Distributed Tracing Overview | VMware Aria Operations for Applications Documentation

Collect and visualize trace data from your applications.

Distributed tracing enables you to track the flow of work that is performed by an application as it processes a request. This can help you find errors and performance problems in your code.

In an application that consists of multiple services, an incoming request typically starts a chain of requests that are propagated from one service to the next.
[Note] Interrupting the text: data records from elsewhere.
(* Let $A=\bigoplus_k A_k$ and $B=\bigoplus_k B_k$ be graded Lie algebras and let $(\alpha,\beta)$ be a derivatively knitted pair of representations for $(A,B)$. Then the graded vector space $A\oplus B$ with grading $(A\oplus B)_k:=A_k\oplus B_k$ becomes a graded Lie algebra, denoted $A\oplus_{(\alpha,\beta)}B$, with the bracket (for homogeneous elements, extended bilinearly) $$[(a_1,b_1),(a_2,b_2)] := \Bigl([a_1,a_2] + \beta(b_1)a_2 - (-1)^{|b_2||a_1|}\beta(b_2)a_1,\ [b_1,b_2] + \alpha(a_1)b_2 - (-1)^{|a_2||b_1|}\alpha(a_2)b_1\Bigr).$$ That is, this bracket is bilinear, of degree $0$, graded anticommutative and satisfies the graded Jacobi identity.
   Context: All gradings are either by $\mathbb Z$ or by $\mathbb Z_2$ (the same for all objects considered); $|x|$ denotes the degree of a homogeneous element $x$. For a graded vector space $V$, $\mathrm{End}(V)$ denotes the graded Lie algebra of linear endomorphisms of $V$ (graded by degree), with the graded commutator $[S,T]=ST-(-1)^{|S||T|}TS$. A derivatively knitted pair of representations $(\alpha,\beta)$ for graded Lie algebras $(A,B)$ consists of graded Lie algebra homomorphisms (of degree $0$) $\alpha:A\to\mathrm{End}(B)$ and $\beta:B\to\mathrm{End}(A)$ such that for all homogeneous $a,a_1,a_2\in A$ and $b,b_1,b_2\in B$: $$\alpha(a)[b_1,b_2] = [\alpha(a)b_1,b_2] + (-1)^{|a||b_1|}[b_1,\alpha(a)b_2] - \Bigl((-1)^{|a||b_1|}\alpha(\beta(b_1)a)b_2 - (-1)^{(|a|+|b_1|)|b_2|}\alpha(\beta(b_2)a)b_1\Bigr),$$ $$\beta(b)[a_1,a_2] = [\beta(b)a_1,a_2] + (-1)^{|b||a_1|}[a_1,\beta(b)a_2] - \Bigl((-1)^{|b||a_1|}\beta(\alpha(a_1)b)a_2 - (-1)^{(|b|+|a_1|)|a_2|}\beta(\alpha(a_2)b)a_1\Bigr).$$ For ungraded Lie algebras all degrees are taken to be $0$. *)

theory Defs
  imports Complex_Main "HOL-Library.Z2" "HOL-Library.Product_Plus"
begin

text \<open>A grading group is an abelian group together with the parity homomorphism
  to \<int>/2, which is all that enters the Koszul signs (-1)^(|x||y|).\<close>

class grading = ab_group_add +
  fixes gpar :: "'a \<Rightarrow> bool"
  assumes gpar_add: "gpar (x + y) = (gpar x \<noteq> gpar y)"

instantiation int :: grading
begin
definition gpar_int :: "int \<Rightarrow> bool" where "gpar_int x = odd x"
instance by standard (auto simp: gpar_int_def)
end

instantiation bit :: grading
begin
definition gpar_bit :: "bit \<Rightarrow> bool" where "gpar_bit x = odd x"
instance by standard (auto simp: gpar_bit_def)
end

definition ksign :: "'d::grading \<Rightarrow> 'd \<Rightarrow> 'k::field" where
  "ksign d e = (if gpar d \<and> gpar e then -1 else 1)"

definition graded_space ::
  "('k::field \<Rightarrow> 'v::ab_group_add \<Rightarrow> 'v) \<Rightarrow> ('d::grading \<Rightarrow> 'v set) \<Rightarrow> bool" where
  "graded_space sc H \<longleftrightarrow>
     vector_space sc \<and>
     (\<forall>d. module.subspace sc (H d)) \<and>
     (\<forall>x. \<exists>!f. finite {d. f d \<noteq> 0} \<and> (\<forall>d. f d \<in> H d) \<and> x = sum f {d. f d \<noteq> 0})"

definition bilinear_map ::
  "('k::field \<Rightarrow> 'u::ab_group_add \<Rightarrow> 'u) \<Rightarrow> ('k \<Rightarrow> 'v::ab_group_add \<Rightarrow> 'v)
   \<Rightarrow> ('k \<Rightarrow> 'w::ab_group_add \<Rightarrow> 'w) \<Rightarrow> ('u \<Rightarrow> 'v \<Rightarrow> 'w) \<Rightarrow> bool" where
  "bilinear_map s1 s2 s3 f \<longleftrightarrow>
     (\<forall>x. Vector_Spaces.linear s2 s3 (f x)) \<and> (\<forall>y. Vector_Spaces.linear s1 s3 (\<lambda>x. f x y))"

definition graded_lie_algebra ::
  "('k::field \<Rightarrow> 'v::ab_group_add \<Rightarrow> 'v) \<Rightarrow> ('d::grading \<Rightarrow> 'v set) \<Rightarrow> ('v \<Rightarrow> 'v \<Rightarrow> 'v) \<Rightarrow> bool" where
  "graded_lie_algebra sc H br \<longleftrightarrow>
     graded_space sc H \<and>
     bilinear_map sc sc sc br \<and>
     (\<forall>i j x y. x \<in> H i \<longrightarrow> y \<in> H j \<longrightarrow> br x y \<in> H (i + j)) \<and>
     (\<forall>i j x y. x \<in> H i \<longrightarrow> y \<in> H j \<longrightarrow>
        br x y = - sc (ksign i j) (br y x)) \<and>
     (\<forall>i j l x y z. x \<in> H i \<longrightarrow> y \<in> H j \<longrightarrow> z \<in> H l \<longrightarrow>
        sc (ksign i l) (br x (br y z)) + sc (ksign j i) (br y (br z x))
          + sc (ksign l j) (br z (br x y)) = 0)"

definition graded_map_deg ::
  "('d::grading \<Rightarrow> 'v set) \<Rightarrow> ('d \<Rightarrow> 'w set) \<Rightarrow> 'd \<Rightarrow> ('v \<Rightarrow> 'w) \<Rightarrow> bool" where
  "graded_map_deg HV HW d T \<longleftrightarrow> (\<forall>j x. x \<in> HV j \<longrightarrow> T x \<in> HW (j + d))"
Distributed tracing gives you end-to-end visibility into that chain across services, even when those services are running in different environments.

In VMware Aria Operations for Applications (formerly known as Tanzu Observability by Wavefront), you can use the tracing dashboards and browsers to:

Monitor your application to make sure its response times are as expected.
Troubleshoot and analyze reported errors.
Pinpoint the specific operations that bottlenecks occur in.

Distributed Tracing Videos

Watch these videos to listen to our co-founder Clement Pang introduce distributed tracing, and give updates including improved ingestion options and intelligent sampling. Note that these videos were created in 2019 and 2020 and some of the information in them might have changed.

Note: You need either the Proxies permission or Direct Data Ingestion permission to send trace data from your application to the Wavefront proxy or the Operations for Applications service.

Instrument Your Application

OpenTracing is deprecated. (OpenTracing and OpenCensus have merged to form OpenTelemetry.) To send trace data to Operations for Applications, use OpenTelemetry.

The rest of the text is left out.